(Saved entries)
□ □ □ □ □ □ □

(* Let $\mathbf{d}^m=\{d_1,\ldots,d_m\}$ be positive integers and let $W(s,\mathbf{d}^m)$ be the restricted partition function, defined by $\prod_{i=1}^m \frac{1}{1-t^{d_i}}=\sum_{s\ge 0}W(s,\mathbf{d}^m)t^s$. Then $W(s,\mathbf{d}^m)=\sum_j W_j(s,\mathbf{d}^m)$, the sum running over all distinct positive integers $j$ dividing at least one $d_i$, where the $j$-periodic Sylvester wave is given explicitly by $$ W_j(s,\mathbf{d}^m)=\frac{1}{(m-1)!\,\pi_m\,j^{m-k_j}}\sum_{r_{k_j+1}=0}^{j-1}\cdots\sum_{r_m=0}^{j-1} B^{(m)}_{m-1}\Big(s+s_m+\sum_{i=k_j+1}^{m} d_i r_i\;\Big|\;\mathbf{d}^m_j\Big)\,\bar{\Psi}_j\Big(s+\sum_{i=k_j+1}^{m} d_i (r_i+1)\Big), $$ equivalently $$ W_j(s,\mathbf{d}^m)=\sum_{r_{k_j+1}=0}^{j-1}\cdots\sum_{r_m=0}^{j-1} W_1\Big(s-\sum_{i=k_j+1}^{m} d_i r_i,\;\mathbf{d}^m_j\Big)\,\bar{\Psi}_j\Big(s-\sum_{i=k_j+1}^{m} d_i r_i\Big), $$ with $W_1(s,\mathbf{d}^m)=\frac{1}{(m-1)!\,\pi_m}B^{(m)}_{m-1}(s+s_m\,|\,\mathbf{d}^m)$. Together with the formulas for $\bar{\Psi}_j$ below, this gives a completely explicit solution of the restricted partition problem as a finite sum of higher-order Bernoulli polynomials with periodic coefficients.
   Context: Notation: $s_m=\sum_{i=1}^m d_i$, $\pi_m=\prod_{i=1}^m d_i$. The elements of $\mathbf{d}^m$ are ordered so that $j$ divides exactly the first $k_j$ of them, $d_1,\ldots,d_{k_j}$. The $j$-modified set is $\mathbf{d}^m_j=\{d_1,\ldots,d_{k_j}\}\cup\{jd_{k_j+1},\ldots,jd_m\}$. The Bernoulli polynomials of higher order $B^{(m)}_n(s\,|\,\mathbf{d}^m)$ are defined by $\frac{e^{st}t^m\prod_{i=1}^m d_i}{\prod_{i=1}^m(e^{d_it}-1)}=\sum_{n\ge0}B^{(m)}_n(s\,|\,\mathbf{d}^m)\frac{t^n}{n!}$. The prime radical circulator is $\bar{\Psi}_j(s)=\sum_{\rho_j}\rho_j^s$, the sum over primitive $j$-th roots of unity $\rho_j=e^{2\pi i n/j}$, $\gcd(n,j)=1$; for prime $j$, $\bar{\Psi}_j(s)=\phi(j)$ if $s\equiv0 \pmod j$ and $\mu(j)$ otherwise ($\phi$ Euler totient, $\mu$ Möbius function), and for $j=\prod_k p_k^{\alpha_k}$ and integer $s$, $\bar{\Psi}_j(s)=\prod_k p_k^{\alpha_k-1}\bar{\Psi}_{p_k}(s/p_k^{\alpha_k-1})$, with $\bar{\Psi}_p(x)=0$ for non-integer $x$. The Sylvester wave $W_j(s,\mathbf{d}^m)$ is (by Sylvester) the coefficient of $t^{-1}$ in the expansion of $\sum_{\rho_j}\frac{\rho_j^{-s}e^{st}}{\prod_{k=1}^m(1-\rho_j^{d_k}e^{-d_kt})}$. *)

theory Defs
  imports "HOL-Complex_Analysis.Complex_Analysis" "HOL-Computational_Algebra.Formal_Power_Series"
begin

text \<open>The multiset d^m is represented by a function d :: nat => nat, restricted to indices i < m.\<close>

definition restricted_partition :: "(nat \<Rightarrow> nat) \<Rightarrow> nat \<Rightarrow> nat \<Rightarrow> complex" where
  "restricted_partition d m s =
     fps_nth (\<Prod>i<m. inverse (1 - fps_X ^ d i)) s"

text \<open>Higher-order Bernoulli polynomial B^(m)_n(x | d^m), via its generating function
  e^(xt) t^m prod d_i / prod (e^(d_i t) - 1) = e^(xt) * prod_i d_i / ((e^(d_i t) - 1)/t),
  where (e^(d t) - 1)/t is the formal power series fps_shift 1 (fps_exp d - 1).\<close>
definition bernoulli_higher :: "nat \<Rightarrow> real \<Rightarrow> (nat \<Rightarrow> nat) \<Rightarrow> nat \<Rightarrow> real" where
  "bernoulli_higher n x d m =
     fact n * fps_nth (fps_exp x *
        (\<Prod>i<m. fps_const (real (d i)) * inverse (fps_shift 1 (fps_exp (real (d i)) - 1)))) n"

definition sum_d :: "(nat \<Rightarrow> nat) \<Rightarrow> nat \<Rightarrow> nat" where
  "sum_d d m = (\<Sum>i<m. d i)"

definition prod_d :: "(nat \<Rightarrow> nat) \<Rightarrow> nat \<Rightarrow> nat" where
  "prod_d d m = (\<Prod>i<m. d i)"

definition root_unity :: "nat \<Rightarrow> nat \<Rightarrow> complex" where
  "root_unity j n = exp (2 * of_real pi * \<i> * of_nat n / of_nat j)"

definition prim_idx :: "nat \<Rightarrow> nat set" where
  "prim_idx j = {n. n < j \<and> coprime n j}"

definition prime_radical_circulator :: "nat \<Rightarrow> int \<Rightarrow> complex" where
  "prime_radical_circulator j s = (\<Sum>n\<in>prim_idx j. root_unity j n powi s)"

definition sylvester_wave :: "nat \<Rightarrow> int \<Rightarrow> (nat \<Rightarrow> nat) \<Rightarrow> nat \<Rightarrow> complex" where
  "sylvester_wave j s d m =
     residue (\<lambda>t. \<Sum>n\<in>prim_idx j. root_unity j n powi (- s) * exp (of_int s * t) /
                     (\<Prod>k<m. 1 - root_unity j n ^ d k * exp (- of_nat (d k) * t))) 0"

text \<open>Indices i < m with j not dividing d_i (i.e. the indices k_j+1..m after reordering).\<close>
definition nondiv_idx :: "nat \<Rightarrow> (nat \<Rightarrow> nat) \<Rightarrow> nat \<Rightarrow> nat set" where
  "nondiv_idx j d m = {i. i < m \<and> \<not> j dvd d i}"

□ □ □ □ □ □ □

ASSIGNMENT: Each record above should be returned exactly as written.

RESPONSE BOX:
(* Let $\mathbf{d}^m=\{d_1,\ldots,d_m\}$ be positive integers and let $W(s,\mathbf{d}^m)$ be the restricted partition function, defined by $\prod_{i=1}^m \frac{1}{1-t^{d_i}}=\sum_{s\ge 0}W(s,\mathbf{d}^m)t^s$. Then $W(s,\mathbf{d}^m)=\sum_j W_j(s,\mathbf{d}^m)$, the sum running over all distinct positive integers $j$ dividing at least one $d_i$, where the $j$-periodic Sylvester wave is given explicitly by $$ W_j(s,\mathbf{d}^m)=\frac{1}{(m-1)!\,\pi_m\,j^{m-k_j}}\sum_{r_{k_j+1}=0}^{j-1}\cdots\sum_{r_m=0}^{j-1} B^{(m)}_{m-1}\Big(s+s_m+\sum_{i=k_j+1}^{m} d_i r_i\;\Big|\;\mathbf{d}^m_j\Big)\,\bar{\Psi}_j\Big(s+\sum_{i=k_j+1}^{m} d_i (r_i+1)\Big), $$ equivalently $$ W_j(s,\mathbf{d}^m)=\sum_{r_{k_j+1}=0}^{j-1}\cdots\sum_{r_m=0}^{j-1} W_1\Big(s-\sum_{i=k_j+1}^{m} d_i r_i,\;\mathbf{d}^m_j\Big)\,\bar{\Psi}_j\Big(s-\sum_{i=k_j+1}^{m} d_i r_i\Big), $$ with $W_1(s,\mathbf{d}^m)=\frac{1}{(m-1)!\,\pi_m}B^{(m)}_{m-1}(s+s_m\,|\,\mathbf{d}^m)$. Together with the formulas for $\bar{\Psi}_j$ below, this gives a completely explicit solution of the restricted partition problem as a finite sum of higher-order Bernoulli polynomials with periodic coefficients.
   Context: Notation: $s_m=\sum_{i=1}^m d_i$, $\pi_m=\prod_{i=1}^m d_i$. The elements of $\mathbf{d}^m$ are ordered so that $j$ divides exactly the first $k_j$ of them, $d_1,\ldots,d_{k_j}$. The $j$-modified set is $\mathbf{d}^m_j=\{d_1,\ldots,d_{k_j}\}\cup\{jd_{k_j+1},\ldots,jd_m\}$. The Bernoulli polynomials of higher order $B^{(m)}_n(s\,|\,\mathbf{d}^m)$ are defined by $\frac{e^{st}t^m\prod_{i=1}^m d_i}{\prod_{i=1}^m(e^{d_it}-1)}=\sum_{n\ge0}B^{(m)}_n(s\,|\,\mathbf{d}^m)\frac{t^n}{n!}$. The prime radical circulator is $\bar{\Psi}_j(s)=\sum_{\rho_j}\rho_j^s$, the sum over primitive $j$-th roots of unity $\rho_j=e^{2\pi i n/j}$, $\gcd(n,j)=1$; for prime $j$, $\bar{\Psi}_j(s)=\phi(j)$ if $s\equiv0 \pmod j$ and $\mu(j)$ otherwise ($\phi$ Euler totient, $\mu$ Möbius function), and for $j=\prod_k p_k^{\alpha_k}$ and integer $s$, $\bar{\Psi}_j(s)=\prod_k p_k^{\alpha_k-1}\bar{\Psi}_{p_k}(s/p_k^{\alpha_k-1})$, with $\bar{\Psi}_p(x)=0$ for non-integer $x$. The Sylvester wave $W_j(s,\mathbf{d}^m)$ is (by Sylvester) the coefficient of $t^{-1}$ in the expansion of $\sum_{\rho_j}\frac{\rho_j^{-s}e^{st}}{\prod_{k=1}^m(1-\rho_j^{d_k}e^{-d_kt})}$. *)

theory Defs
  imports "HOL-Complex_Analysis.Complex_Analysis" "HOL-Computational_Algebra.Formal_Power_Series"
begin

text \<open>The multiset d^m is represented by a function d :: nat => nat, restricted to indices i < m.\<close>

definition restricted_partition :: "(nat \<Rightarrow> nat) \<Rightarrow> nat \<Rightarrow> nat \<Rightarrow> complex" where
  "restricted_partition d m s =
     fps_nth (\<Prod>i<m. inverse (1 - fps_X ^ d i)) s"

text \<open>Higher-order Bernoulli polynomial B^(m)_n(x | d^m), via its generating function
  e^(xt) t^m prod d_i / prod (e^(d_i t) - 1) = e^(xt) * prod_i d_i / ((e^(d_i t) - 1)/t),
  where (e^(d t) - 1)/t is the formal power series fps_shift 1 (fps_exp d - 1).\<close>
definition bernoulli_higher :: "nat \<Rightarrow> real \<Rightarrow> (nat \<Rightarrow> nat) \<Rightarrow> nat \<Rightarrow> real" where
  "bernoulli_higher n x d m =
     fact n * fps_nth (fps_exp x *
        (\<Prod>i<m. fps_const (real (d i)) * inverse (fps_shift 1 (fps_exp (real (d i)) - 1)))) n"

definition sum_d :: "(nat \<Rightarrow> nat) \<Rightarrow> nat \<Rightarrow> nat" where
  "sum_d d m = (\<Sum>i<m. d i)"

definition prod_d :: "(nat \<Rightarrow> nat) \<Rightarrow> nat \<Rightarrow> nat" where
  "prod_d d m = (\<Prod>i<m. d i)"

definition root_unity :: "nat \<Rightarrow> nat \<Rightarrow> complex" where
  "root_unity j n = exp (2 * of_real pi * \<i> * of_nat n / of_nat j)"

definition prim_idx :: "nat \<Rightarrow> nat set" where
  "prim_idx j = {n. n < j \<and> coprime n j}"

definition prime_radical_circulator :: "nat \<Rightarrow> int \<Rightarrow> complex" where
  "prime_radical_circulator j s = (\<Sum>n\<in>prim_idx j. root_unity j n powi s)"

definition sylvester_wave :: "nat \<Rightarrow> int \<Rightarrow> (nat \<Rightarrow> nat) \<Rightarrow> nat \<Rightarrow> complex" where
  "sylvester_wave j s d m =
     residue (\<lambda>t. \<Sum>n\<in>prim_idx j. root_unity j n powi (- s) * exp (of_int s * t) /
                     (\<Prod>k<m. 1 - root_unity j n ^ d k * exp (- of_nat (d k) * t))) 0"

text \<open>Indices i < m with j not dividing d_i (i.e. the indices k_j+1..m after reordering).\<close>
definition nondiv_idx :: "nat \<Rightarrow> (nat \<Rightarrow> nat) \<Rightarrow> nat \<Rightarrow> nat set" where
  "nondiv_idx j d m = {i. i < m \<and> \<not> j dvd d i}"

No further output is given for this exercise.